**PROBLEM DESCRIPTION:** Emit an exact copy of the lines running from the start of the records to the line containing "k) sums phi_c", both included.

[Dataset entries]
*** Block opens ***

lemma Hgf_sums:
  assumes "\<bar>x\<bar> \<le> real m"
  shows "(\<lambda>k. pmf mu k * x ^ k) sums Hgf mu x"
proof -
  have "integrable (measure_pmf mu) (\<lambda>k. x ^ k)"
  proof (rule Bochner_Integration.integrable_bound[OF integrable_power])
    show "AE k in measure_pmf mu. norm (x ^ k) \<le> norm (real m ^ k)"
      using assms by (simp add: power_abs power_mono)
  qed simp
  then show ?thesis
    unfolding Hgf_def by (rule expectation_sums)
qed

lemma Hgf_power_series: "norm z < real m \<Longrightarrow> (\<lambda>k. pmf mu k * z ^ k) sums Hgf mu z"
  by (simp add: Hgf_sums)

lemma delta_c_sums: "(\<lambda>k. pmf mu k * point_delta (real m) k) sums delta_c m mu"
proof -
  have "(\<lambda>k. (real m - 1) * (pmf mu k * (real k * real m ^ k)) - pmf mu k * real m ^ k)
      sums delta_c m mu"
    unfolding delta_c_def
    by (intro sums_diff sums_mult expectation_sums integrable_weight integrable_power)
  then show ?thesis
    by (simp add: point_delta_def algebra_simps)
qed

lemma Hgf_zero_plus_delta_c_nonneg: "0 \<le> Hgf mu 0 + delta_c m mu"
proof (rule sums_le[OF _ sums_zero sums_add[OF Hgf_power_series delta_c_sums]])
  show "0 \<le> pmf mu k * 0 ^ k + pmf mu k * point_delta (real m) k" for k
  proof -
    have "0 \<le> pmf mu k * (0 ^ k + point_delta (real m) k)"
      using m by (intro mult_nonneg_nonneg pmf_nonneg zero_power_plus_point_delta_nonneg) simp
    then show ?thesis
      by (simp only: distrib_left)
  qed
qed (use m in simp)

context
  fixes s :: real
  assumes s: "0 < s" "s < real m"
begin

lemma phi_c_sums: "(\<lambda>k. pmf mu k * point_phi (real m) s k) sums phi_c m mu s"
proof -
  have "(\<lambda>k. (real m - 1) * (pmf mu k * (real k * s ^ k)) - pmf mu k * s ^ k)
      sums ((real m - 1) * (s * deriv (Hgf mu) s) - Hgf mu s)"
    using s
    by (intro sums_diff sums_mult Hgf_sums power_series_times_deriv_sums[OF Hgf_power_series]) auto
  then show ?thesis
    by (simp add: point_phi_def phi_c_def algebra_simps)
qed

lemma Theta_c_sums: "(\<lambda>k. pmf mu k * point_Theta (real m) s k) sums Theta_c m mu s"
proof -
  define c where "c = (real m - 1) * (real m - s) / real m"
  have "(\<lambda>k. pmf mu k * s ^ k - (s - 1) * (pmf mu k * (real k * s ^ k))
        - c * (2 * (pmf mu k * (real k * s ^ k)) + pmf mu k * (real k * (real k - 1) * s ^ k))
        + pmf mu k * point_delta (real m) k)
      sums (Hgf mu s - (s - 1) * (s * deriv (Hgf mu) s)
        - c * (2 * (s * deriv (Hgf mu) s) + s^2 * deriv (deriv (Hgf mu)) s) + delta_c m mu)"
    using s
    by (intro sums_add sums_diff sums_mult Hgf_sums delta_c_sums
        power_series_times_deriv_sums[OF Hgf_power_series]
        power_series_second_deriv_sums[OF Hgf_power_series]) auto
  then show ?thesis
    unfolding point_Theta_def Theta_c_def c_def[symmetric] by (simp add: algebra_simps)
qed

lemma quadratic_form_nonneg:
  "0 \<le> t^2 * (2 * (Hgf mu 0 + delta_c m mu)) - 2 * t * (delta_c m mu - phi_c m mu s)
      + Theta_c m mu s"
proof (rule sums_le[OF _ sums_zero])
  have H0: "(\<lambda>k. pmf mu k * 0 ^ k) sums Hgf mu 0"
    using m by (intro Hgf_power_series) simp
  show "(\<lambda>k. t^2 * (2 * (pmf mu k * 0 ^ k + pmf mu k * point_delta (real m) k))
      - 2 * t * (pmf mu k * point_delta (real m) k - pmf mu k * point_phi (real m) s k)
      + pmf mu k * point_Theta (real m) s k)
    sums (t^2 * (2 * (Hgf mu 0 + delta_c m mu)) - 2 * t * (delta_c m mu - phi_c m mu s)
      + Theta_c m mu s)"
    using sums_add[OF sums_diff[OF
        sums_mult[OF sums_mult[OF sums_add[OF H0 delta_c_sums], of 2], of "t^2"]
        sums_mult[OF sums_diff[OF delta_c_sums phi_c_sums], of "2 * t"]] Theta_c_sums]
    by (simp del: power_0_left)
  show "0 \<le> t^2 * (2 * (pmf mu k * 0 ^ k + pmf mu k * point_delta (real m) k))
      - 2 * t * (pmf mu k * point_delta (real m) k - pmf mu k * point_phi (real m) s k)
      + pmf mu k * point_Theta (real m) s k" for k
  proof -
    have "0 \<le> pmf mu k * (t^2 * (2 * (0 ^ k + point_delta (real m) k))
        - 2 * t * (point_delta (real m) k - point_phi (real m) s k) + point_Theta (real m) s k)"
      using m s by (intro mult_nonneg_nonneg pmf_nonneg point_quadratic_nonneg) auto
    then show ?thesis
      by (simp add: algebra_simps del: power_0_left)
  qed
qed

lemma delta_phi_sq_le_Theta:
  "(delta_c m mu - phi_c m mu s)^2 \<le> 2 * (Hgf mu 0 + delta_c m mu) * Theta_c m mu s"
  using Hgf_zero_plus_delta_c_nonneg
  by (intro quadratic_nonneg_imp_discriminant_le quadratic_form_nonneg) simp

end

end

lemma nn_integral_sum_law_finite:
  fixes F :: "nat \<Rightarrow> ennreal"
  assumes submult: "\<And>x y. F (x + y) \<le> F x * F y" and "F 0 < \<infinity>"
    and finite: "(\<integral>\<^sup>+x. F x \<partial>measure_pmf mu) < \<infinity>"
  shows "(\<integral>\<^sup>+x. F x \<partial>measure_pmf (sum_law k mu)) < \<infinity>"
proof (induction k)
  case 0
  then show ?case using \<open>F 0 < \<infinity>\<close> by simp
next
  case (Suc k)
  have "(\<integral>\<^sup>+x. F x \<partial>measure_pmf (sum_law (Suc k) mu))
      = (\<integral>\<^sup>+x. \<integral>\<^sup>+y. F (x + y) \<partial>measure_pmf (sum_law k mu) \<partial>measure_pmf mu)"
    by simp
  also have "\<dots> \<le> (\<integral>\<^sup>+x. F x * (\<integral>\<^sup>+y. F y \<partial>measure_pmf (sum_law k mu)) \<partial>measure_pmf mu)"
    by (intro nn_integral_mono) (simp add: nn_integral_cmult[symmetric] nn_integral_mono submult)
  also have "\<dots> = (\<integral>\<^sup>+x. F x \<partial>measure_pmf mu) * (\<integral>\<^sup>+y. F y \<partial>measure_pmf (sum_law k mu))"
    by (simp add: nn_integral_multc)
  also have "\<dots> < \<infinity>"
    using finite Suc.IH by (simp add: ennreal_mult_less_top)
  finally show ?case .
qed

lemma nn_integral_sys_law_finite:
  fixes F :: "nat \<Rightarrow> ennreal"
  assumes "mono F" and submult: "\<And>x y. F (x + y) \<le> F x * F y" and "F 0 < \<infinity>"
    and finite: "(\<integral>\<^sup>+x. F x \<partial>measure_pmf mu0) < \<infinity>"
  shows "(\<integral>\<^sup>+x. F x \<partial>measure_pmf (sys_law m mu0 n)) < \<infinity>"
proof (induction n)
  case 0
  then show ?case using finite by simp
next
  case (Suc n)
  have "(\<integral>\<^sup>+x. F x \<partial>measure_pmf (sys_law m mu0 (Suc n)))
      = (\<integral>\<^sup>+x. F (x - 1) \<partial>measure_pmf (sum_law m (sys_law m mu0 n)))"
    by simp
  also have "\<dots> \<le> (\<integral>\<^sup>+x. F x \<partial>measure_pmf (sum_law m (sys_law m mu0 n)))"
    by (intro nn_integral_mono monoD[OF \<open>mono F\<close>]) simp
  also have "\<dots> < \<infinity>"
    by (rule nn_integral_sum_law_finite[OF submult \<open>F 0 < \<infinity>\<close> Suc.IH])
  finally show ?case .
qed

lemma nn_integral_init_law_finite:
  fixes F :: "nat \<Rightarrow> ennreal"
  assumes "F 0 < \<infinity>" and "(\<integral>\<^sup>+x. F x \<partial>measure_pmf Xs) < \<infinity>"
  shows "(\<integral>\<^sup>+x. F x \<partial>measure_pmf (init_law p Xs)) < \<infinity>"
proof -
  have "(\<integral>\<^sup>+x. F x \<partial>measure_pmf (init_law p Xs))
      = (\<integral>\<^sup>+b. (\<integral>\<^sup>+x. F x \<partial>measure_pmf (if b then Xs else return_pmf 0)) \<partial>measure_pmf (bernoulli_pmf p))"
    by (simp add: init_law_def)
  also have "\<dots> \<le> (\<integral>\<^sup>+b. (\<integral>\<^sup>+x. F x \<partial>measure_pmf Xs) + F 0 \<partial>measure_pmf (bernoulli_pmf p))"
    by (intro nn_integral_mono) (simp add: add_increasing add_increasing2)
  also have "\<dots> = (\<integral>\<^sup>+x. F x \<partial>measure_pmf Xs) + F 0"
    by (simp add: measure_pmf.emeasure_space_1)
  also have "\<dots> < \<infinity>"
    using assms by simp
  finally show ?thesis .
qed

lemma power_weight_add_le:
  fixes M :: real
  assumes "M \<ge> 1"
  shows "ennreal ((real (x + y) + 1) * M ^ (x + y))
    \<le> ennreal ((real x + 1) * M ^ x) * ennreal ((real y + 1) * M ^ y)"
proof -
  have "(real (x + y) + 1) * (M ^ x * M ^ y) \<le> ((real x + 1) * (real y + 1)) * (M ^ x * M ^ y)"
    using assms by (intro mult_right_mono) (simp_all add: algebra_simps)
  then show ?thesis
    using assms by (simp add: ennreal_mult[symmetric] power_add mult_ac)
qed

lemma mono_power_weight:
  fixes M :: real
  assumes "M \<ge> 1"
  shows "mono (\<lambda>k. ennreal ((real k + 1) * M ^ k))"
  using assms by (intro monoI ennreal_leI mult_mono power_increasing) auto

lemma integrable_iff_power_weight_finite:
  fixes M :: real
  assumes "M \<ge> 1"
  shows "integrable (measure_pmf mu) (\<lambda>k. real k * M ^ k)
    \<longleftrightarrow> (\<integral>\<^sup>+k. ennreal ((real k + 1) * M ^ k) \<partial>measure_pmf mu) < \<infinity>"
proof
  assume "integrable (measure_pmf mu) (\<lambda>k. real k * M ^ k)"
  then have "integrable (measure_pmf mu) (\<lambda>k. 1 + 2 * (real k * M ^ k))"
    by (intro Bochner_Integration.integrable_add integrable_mult_right) simp_all
  then have "(\<integral>\<^sup>+k. ennreal (norm (1 + 2 * (real k * M ^ k))) \<partial>measure_pmf mu) < \<infinity>"
    by (simp only: integrable_iff_bounded)
  moreover have "(\<integral>\<^sup>+k. ennreal ((real k + 1) * M ^ k) \<partial>measure_pmf mu)
      \<le> (\<integral>\<^sup>+k. ennreal (norm (1 + 2 * (real k * M ^ k))) \<partial>measure_pmf mu)"
  proof (intro nn_integral_mono ennreal_leI)
    show "(real k + 1) * M ^ k \<le> norm (1 + 2 * (real k * M ^ k))" for k
      using power_le_one_plus_times_power[OF assms, of k] assms by (simp add: distrib_right)
  qed
  ultimately show "(\<integral>\<^sup>+k. ennreal ((real k + 1) * M ^ k) \<partial>measure_pmf mu) < \<infinity>"
    by (rule le_less_trans[rotated])
next
  assume finite: "(\<integral>\<^sup>+k. ennreal ((real k + 1) * M ^ k) \<partial>measure_pmf mu) < \<infinity>"
  have "(\<integral>\<^sup>+k. ennreal (norm (real k * M ^ k)) \<partial>measure_pmf mu)
      \<le> (\<integral>\<^sup>+k. ennreal ((real k + 1) * M ^ k) \<partial>measure_pmf mu)"
    using assms by (intro nn_integral_mono ennreal_leI) (simp add: abs_mult)
  then show "integrable (measure_pmf mu) (\<lambda>k. real k * M ^ k)"
    unfolding integrable_iff_bounded using finite by simp
qed

theorem lemma3p4:
  fixes m :: nat and Xs :: "nat pmf" and p :: real and n :: nat and s :: real
  assumes "m \<ge> 2"
    and "set_pmf Xs \<subseteq> {1..}"
    and "measure_pmf.prob Xs {2..} > 0"
    and "integrable (measure_pmf Xs) (\<lambda>k. real k * real m ^ k)"
    and "p > p_crit m Xs" and "p \<le> 1"
    and "0 < s" and "s < real m"
  shows "(delta_c m (sys_law m (init_law p Xs) n) - phi_c m (sys_law m (init_law p Xs) n) s)^2
         \<le> 2 * (Hgf (sys_law m (init_law p Xs) n) 0 + delta_c m (sys_law m (init_law p Xs) n))
             * Theta_c m (sys_law m (init_law p Xs) n) s"
proof -
  let ?w = "\<lambda>k. ennreal ((real k + 1) * real m ^ k)"
  have m: "real m \<ge> 1"
    using \<open>m \<ge> 2\<close> by simp
  have "(\<integral>\<^sup>+k. ?w k \<partial>measure_pmf Xs) < \<infinity>"
    using \<open>integrable (measure_pmf Xs) _\<close> integrable_iff_power_weight_finite[OF m] by simp
  then have "(\<integral>\<^sup>+k. ?w k \<partial>measure_pmf (sys_law m (init_law p Xs) n)) < \<infinity>"
    by (intro nn_integral_sys_law_finite nn_integral_init_law_finite mono_power_weight[OF m]
        power_weight_add_le[OF m]) simp_all
  then have "integrable (measure_pmf (sys_law m (init_law p Xs) n)) (\<lambda>k. real k * real m ^ k)"
    using integrable_iff_power_weight_finite[OF m] by simp
  then show ?thesis
    by (rule delta_phi_sq_le_Theta[OF \<open>m \<ge> 2\<close> _ \<open>0 < s\<close> \<open>s < real m\<close>])
qed

end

*** Block closes ***

**REPLY:**
lemma Hgf_sums:
  assumes "\<bar>x\<bar> \<le> real m"
  shows "(\<lambda>k. pmf mu k * x ^ k) sums Hgf mu x"
proof -
  have "integrable (measure_pmf mu) (\<lambda>k. x ^ k)"
  proof (rule Bochner_Integration.integrable_bound[OF integrable_power])
    show "AE k in measure_pmf mu. norm (x ^ k) \<le> norm (real m ^ k)"
      using assms by (simp add: power_abs power_mono)
  qed simp
  then show ?thesis
    unfolding Hgf_def by (rule expectation_sums)
qed

lemma Hgf_power_series: "norm z < real m \<Longrightarrow> (\<lambda>k. pmf mu k * z ^ k) sums Hgf mu z"
  by (simp add: Hgf_sums)

lemma delta_c_sums: "(\<lambda>k. pmf mu k * point_delta (real m) k) sums delta_c m mu"
proof -
  have "(\<lambda>k. (real m - 1) * (pmf mu k * (real k * real m ^ k)) - pmf mu k * real m ^ k)
      sums delta_c m mu"
    unfolding delta_c_def
    by (intro sums_diff sums_mult expectation_sums integrable_weight integrable_power)
  then show ?thesis
    by (simp add: point_delta_def algebra_simps)
qed

lemma Hgf_zero_plus_delta_c_nonneg: "0 \<le> Hgf mu 0 + delta_c m mu"
proof (rule sums_le[OF _ sums_zero sums_add[OF Hgf_power_series delta_c_sums]])
  show "0 \<le> pmf mu k * 0 ^ k + pmf mu k * point_delta (real m) k" for k
  proof -
    have "0 \<le> pmf mu k * (0 ^ k + point_delta (real m) k)"
      using m by (intro mult_nonneg_nonneg pmf_nonneg zero_power_plus_point_delta_nonneg) simp
    then show ?thesis
      by (simp only: distrib_left)
  qed
qed (use m in simp)

context
  fixes s :: real
  assumes s: "0 < s" "s < real m"
begin

lemma phi_c_sums: "(\<lambda>k. pmf mu k * point_phi (real m) s k) sums phi_c m mu s"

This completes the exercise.